* _Collected data entries_
..............................

lemma has_sum_shift_snd:
  fixes g :: "nat \<times> nat \<Rightarrow> 'a::{comm_monoid_add, topological_space}"
  assumes "\<And>i. g (i, 0) = 0"
  shows "(g has_sum s) UNIV \<longleftrightarrow> ((\<lambda>(i, j). g (i, Suc j)) has_sum s) UNIV"
proof -
  have "inj (map_prod (id :: nat \<Rightarrow> nat) Suc)"
    by (auto simp: inj_on_def)
  moreover have "\<forall>k. k \<notin> range (map_prod id Suc) \<longrightarrow> g k = 0"
  proof (intro allI impI)
    fix k :: "nat \<times> nat"
    assume "k \<notin> range (map_prod id Suc)"
    then show "g k = 0"
      using assms by (cases k) (metis id_apply map_prod_simp not0_implies_Suc rangeI)
  qed
  ultimately have "(g has_sum s) UNIV \<longleftrightarrow> ((g \<circ> map_prod id Suc) has_sum s) UNIV"
    by (rule has_sum_reindex_vanishing)
  moreover have "g \<circ> map_prod id Suc = (\<lambda>(i, j). g (i, Suc j))"
    by (auto simp: fun_eq_iff)
  ultimately show ?thesis
    by simp
qed

lemma filterlim_squares:
  "filterlim (\<lambda>n. {..<n} \<times> {..<n}) (finite_subsets_at_top (UNIV :: (nat \<times> nat) set)) sequentially"
  unfolding filterlim_finite_subsets_at_top
proof (intro allI impI)
  fix X :: "(nat \<times> nat) set"
  assume "finite X \<and> X \<subseteq> UNIV"
  then obtain N where "fst ` X \<union> snd ` X \<subseteq> {..<N}"
    using finite_nat_bounded by (metis finite_Un finite_imageI)
  then have "X \<subseteq> {..<n} \<times> {..<n}" if "N \<le> n" for n
    using that by force
  then show "\<forall>\<^sub>F n in sequentially. finite ({..<n} \<times> {..<n}) \<and> X \<subseteq> {..<n} \<times> {..<n}
      \<and> {..<n} \<times> {..<n} \<subseteq> UNIV"
    unfolding eventually_sequentially by blast
qed

lemma summable_on_product_nonneg:
  fixes a b :: "nat \<Rightarrow> real"
  assumes "summable a" "summable b" "\<And>i. a i \<ge> 0" "\<And>j. b j \<ge> 0"
  shows "(\<lambda>(i, j). a i * b j) summable_on UNIV"
proof -
  have b: "(b has_sum suminf b) UNIV"
    using assms by (intro sums_nonneg_imp_has_sum) (simp_all add: summable_sums)
  have "(\<lambda>(i, j). a i * b j) summable_on Sigma UNIV (\<lambda>_. UNIV)"
  proof (rule summable_on_SigmaI)
    show "((\<lambda>j. (\<lambda>(i, j). a i * b j) (i, j)) has_sum a i * suminf b) UNIV" for i
      using has_sum_cmult_right[OF b, of "a i"] by simp
    show "(\<lambda>i. a i * suminf b) summable_on UNIV"
      using assms
      by (intro summable_nonneg_imp_summable_on summable_mult2 mult_nonneg_nonneg suminf_nonneg) auto
  qed (use assms in auto)
  then show ?thesis
    by simp
qed

lemma summable_real_mult_power:
  fixes q :: real
  assumes "0 \<le> q" "q < 1"
  shows "summable (\<lambda>n. real n * q ^ (n - 1))"
proof -
  have "summable (\<lambda>n. diffs (\<lambda>_. 1::real) n * q ^ n)"
  proof (rule termdiff_converges[where K = 1])
    show "norm q < 1"
      using assms by simp
    show "summable (\<lambda>n. 1 * x ^ n)" if "norm x < 1" for x :: real
      using that by (simp add: summable_geometric)
  qed
  then have "summable (\<lambda>n. real (Suc n) * q ^ n)"
    by (simp add: diffs_def)
  then show ?thesis
    by (subst summable_Suc_iff [symmetric]) simp
qed

lemma uniform_limit_squares:
  fixes F :: "nat \<times> nat \<Rightarrow> 'b \<Rightarrow> 'a::banach"
  assumes "M summable_on UNIV" and "\<And>k \<zeta>. \<zeta> \<in> S \<Longrightarrow> norm (F k \<zeta>) \<le> M k"
  shows "uniform_limit S (\<lambda>n \<zeta>. \<Sum>k\<in>{..<n} \<times> {..<n}. F k \<zeta>) (\<lambda>\<zeta>. infsum (\<lambda>k. F k \<zeta>) UNIV) sequentially"
proof -
  have "uniform_limit S (\<lambda>X \<zeta>. \<Sum>k\<in>X. F k \<zeta>) (\<lambda>\<zeta>. infsum (\<lambda>k. F k \<zeta>) UNIV) (finite_subsets_at_top UNIV)"
    using assms by (intro Weierstrass_m_test_general) auto
  from filterlim_compose[OF this filterlim_squares] show ?thesis
    by simp
qed

lemma uniform_limit_imp_partials_close:
  fixes Fx Fy :: "nat \<Rightarrow> 'b \<Rightarrow> 'a::real_normed_vector"
  assumes "uniform_limit S Fx Gx sequentially" and "uniform_limit S Fy Gy sequentially" and "e > 0"
  shows "\<forall>\<^sub>F n in sequentially. \<forall>\<zeta>\<in>S. \<forall>h :: complex.
    norm ((Re h *\<^sub>R Fx n \<zeta> + Im h *\<^sub>R Fy n \<zeta>) - (Re h *\<^sub>R Gx \<zeta> + Im h *\<^sub>R Gy \<zeta>)) \<le> e * norm h"
proof -
  have "e / 2 > 0"
    using assms(3) by simp
  from uniform_limitD[OF assms(1) this] uniform_limitD[OF assms(2) this]
  show ?thesis
  proof eventually_elim
    case (elim n)
    show ?case
    proof (intro ballI allI)
      fix \<zeta> and h :: complex
      assume "\<zeta> \<in> S"
      have "norm ((Re h *\<^sub>R Fx n \<zeta> + Im h *\<^sub>R Fy n \<zeta>) - (Re h *\<^sub>R Gx \<zeta> + Im h *\<^sub>R Gy \<zeta>))
          = norm (Re h *\<^sub>R (Fx n \<zeta> - Gx \<zeta>) + Im h *\<^sub>R (Fy n \<zeta> - Gy \<zeta>))"
        by (simp add: algebra_simps)
      also have "\<dots> \<le> \<bar>Re h\<bar> * norm (Fx n \<zeta> - Gx \<zeta>) + \<bar>Im h\<bar> * norm (Fy n \<zeta> - Gy \<zeta>)"
        by (rule order_trans[OF norm_triangle_ineq]) simp
      also have "\<dots> \<le> norm h * (e / 2) + norm h * (e / 2)"
        using elim \<open>\<zeta> \<in> S\<close> abs_Re_le_cmod[of h] abs_Im_le_cmod[of h]
        by (intro add_mono mult_mono) (auto simp: dist_norm)
      finally show "norm ((Re h *\<^sub>R Fx n \<zeta> + Im h *\<^sub>R Fy n \<zeta>) - (Re h *\<^sub>R Gx \<zeta> + Im h *\<^sub>R Gy \<zeta>))
          \<le> e * norm h"
        by simp
    qed
  qed
qed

..............................

* _Work required_
Every entry must be printed again, exactly as it reads.

* _Answer space_
lemma has_sum_shift_snd:
  fixes g :: "nat \<times> nat \<Rightarrow> 'a::{comm_monoid_add, topological_space}"
  assumes "\<And>i. g (i, 0) = 0"
  shows "(g has_sum s) UNIV \<longleftrightarrow> ((\<lambda>(i, j). g (i, Suc j)) has_sum s) UNIV"
proof -
  have "inj (map_prod (id :: nat \<Rightarrow> nat) Suc)"
    by (auto simp: inj_on_def)
  moreover have "\<forall>k. k \<notin> range (map_prod id Suc) \<longrightarrow> g k = 0"
  proof (intro allI impI)
    fix k :: "nat \<times> nat"
    assume "k \<notin> range (map_prod id Suc)"
    then show "g k = 0"
      using assms by (cases k) (metis id_apply map_prod_simp not0_implies_Suc rangeI)
  qed
  ultimately have "(g has_sum s) UNIV \<longleftrightarrow> ((g \<circ> map_prod id Suc) has_sum s) UNIV"
    by (rule has_sum_reindex_vanishing)
  moreover have "g \<circ> map_prod id Suc = (\<lambda>(i, j). g (i, Suc j))"
    by (auto simp: fun_eq_iff)
  ultimately show ?thesis
    by simp
qed

lemma filterlim_squares:
  "filterlim (\<lambda>n. {..<n} \<times> {..<n}) (finite_subsets_at_top (UNIV :: (nat \<times> nat) set)) sequentially"
  unfolding filterlim_finite_subsets_at_top
proof (intro allI impI)
  fix X :: "(nat \<times> nat) set"
  assume "finite X \<and> X \<subseteq> UNIV"
  then obtain N where "fst ` X \<union> snd ` X \<subseteq> {..<N}"
    using finite_nat_bounded by (metis finite_Un finite_imageI)
  then have "X \<subseteq> {..<n} \<times> {..<n}" if "N \<le> n" for n
    using that by force
  then show "\<forall>\<^sub>F n in sequentially. finite ({..<n} \<times> {..<n}) \<and> X \<subseteq> {..<n} \<times> {..<n}
      \<and> {..<n} \<times> {..<n} \<subseteq> UNIV"
    unfolding eventually_sequentially by blast
qed

lemma summable_on_product_nonneg:
  fixes a b :: "nat \<Rightarrow> real"
  assumes "summable a" "summable b" "\<And>i. a i \<ge> 0" "\<And>j. b j \<ge> 0"
  shows "(\<lambda>(i, j). a i * b j) summable_on UNIV"
proof -
  have b: "(b has_sum suminf b) UNIV"
    using assms by (intro sums_nonneg_imp_has_sum) (simp_all add: summable_sums)
  have "(\<lambda>(i, j). a i * b j) summable_on Sigma UNIV (\<lambda>_. UNIV)"
  proof (rule summable_on_SigmaI)
    show "((\<lambda>j. (\<lambda>(i, j). a i * b j) (i, j)) has_sum a i * suminf b) UNIV" for i
      using has_sum_cmult_right[OF b, of "a i"] by simp
    show "(\<lambda>i. a i * suminf b) summable_on UNIV"
      using assms
      by (intro summable_nonneg_imp_summable_on summable_mult2 mult_nonneg_nonneg suminf_nonneg) auto
  qed (use assms in auto)
  then show ?thesis
    by simp
qed

lemma summable_real_mult_power:
  fixes q :: real
  assumes "0 \<le> q" "q < 1"
  shows "summable (\<lambda>n. real n * q ^ (n - 1))"
proof -
  have "summable (\<lambda>n. diffs (\<lambda>_. 1::real) n * q ^ n)"
  proof (rule termdiff_converges[where K = 1])
    show "norm q < 1"
      using assms by simp
    show "summable (\<lambda>n. 1 * x ^ n)" if "norm x < 1" for x :: real
      using that by (simp add: summable_geometric)
  qed
  then have "summable (\<lambda>n. real (Suc n) * q ^ n)"
    by (simp add: diffs_def)
  then show ?thesis
    by (subst summable_Suc_iff [symmetric]) simp
qed

lemma uniform_limit_squares:
  fixes F :: "nat \<times> nat \<Rightarrow> 'b \<Rightarrow> 'a::banach"
  assumes "M summable_on UNIV" and "\<And>k \<zeta>. \<zeta> \<in> S \<Longrightarrow> norm (F k \<zeta>) \<le> M k"
  shows "uniform_limit S (\<lambda>n \<zeta>. \<Sum>k\<in>{..<n} \<times> {..<n}. F k \<zeta>) (\<lambda>\<zeta>. infsum (\<lambda>k. F k \<zeta>) UNIV) sequentially"
proof -
  have "uniform_limit S (\<lambda>X \<zeta>. \<Sum>k\<in>X. F k \<zeta>) (\<lambda>\<zeta>. infsum (\<lambda>k. F k \<zeta>) UNIV) (finite_subsets_at_top UNIV)"
    using assms by (intro Weierstrass_m_test_general) auto
  from filterlim_compose[OF this filterlim_squares] show ?thesis
    by simp
qed

lemma uniform_limit_imp_partials_close:
  fixes Fx Fy :: "nat \<Rightarrow> 'b \<Rightarrow> 'a::real_normed_vector"
  assumes "uniform_limit S Fx Gx sequentially" and "uniform_limit S Fy Gy sequentially" and "e > 0"
  shows "\<forall>\<^sub>F n in sequentially. \<forall>\<zeta>\<in>S. \<forall>h :: complex.
    norm ((Re h *\<^sub>R Fx n \<zeta> + Im h *\<^sub>R Fy n \<zeta>) - (Re h *\<^sub>R Gx \<zeta> + Im h *\<^sub>R Gy \<zeta>)) \<le> e * norm h"
proof -
  have "e / 2 > 0"
    using assms(3) by simp
  from uniform_limitD[OF assms(1) this] uniform_limitD[OF assms(2) this]
  show ?thesis
  proof eventually_elim
    case (elim n)
    show ?case
    proof (intro ballI allI)
      fix \<zeta> and h :: complex
      assume "\<zeta> \<in> S"
      have "norm ((Re h *\<^sub>R Fx n \<zeta> + Im h *\<^sub>R Fy n \<zeta>) - (Re h *\<^sub>R Gx \<zeta> + Im h *\<^sub>R Gy \<zeta>))
          = norm (Re h *\<^sub>R (Fx n \<zeta> - Gx \<zeta>) + Im h *\<^sub>R (Fy n \<zeta> - Gy \<zeta>))"
        by (simp add: algebra_simps)
      also have "\<dots> \<le> \<bar>Re h\<bar> * norm (Fx n \<zeta> - Gx \<zeta>) + \<bar>Im h\<bar> * norm (Fy n \<zeta> - Gy \<zeta>)"
        by (rule order_trans[OF norm_triangle_ineq]) simp
      also have "\<dots> \<le> norm h * (e / 2) + norm h * (e / 2)"
        using elim \<open>\<zeta> \<in> S\<close> abs_Re_le_cmod[of h] abs_Im_le_cmod[of h]
        by (intro add_mono mult_mono) (auto simp: dist_norm)
      finally show "norm ((Re h *\<^sub>R Fx n \<zeta> + Im h *\<^sub>R Fy n \<zeta>) - (Re h *\<^sub>R Gx \<zeta> + Im h *\<^sub>R Gy \<zeta>))
          \<le> e * norm h"
        by simp
    qed
  qed
qed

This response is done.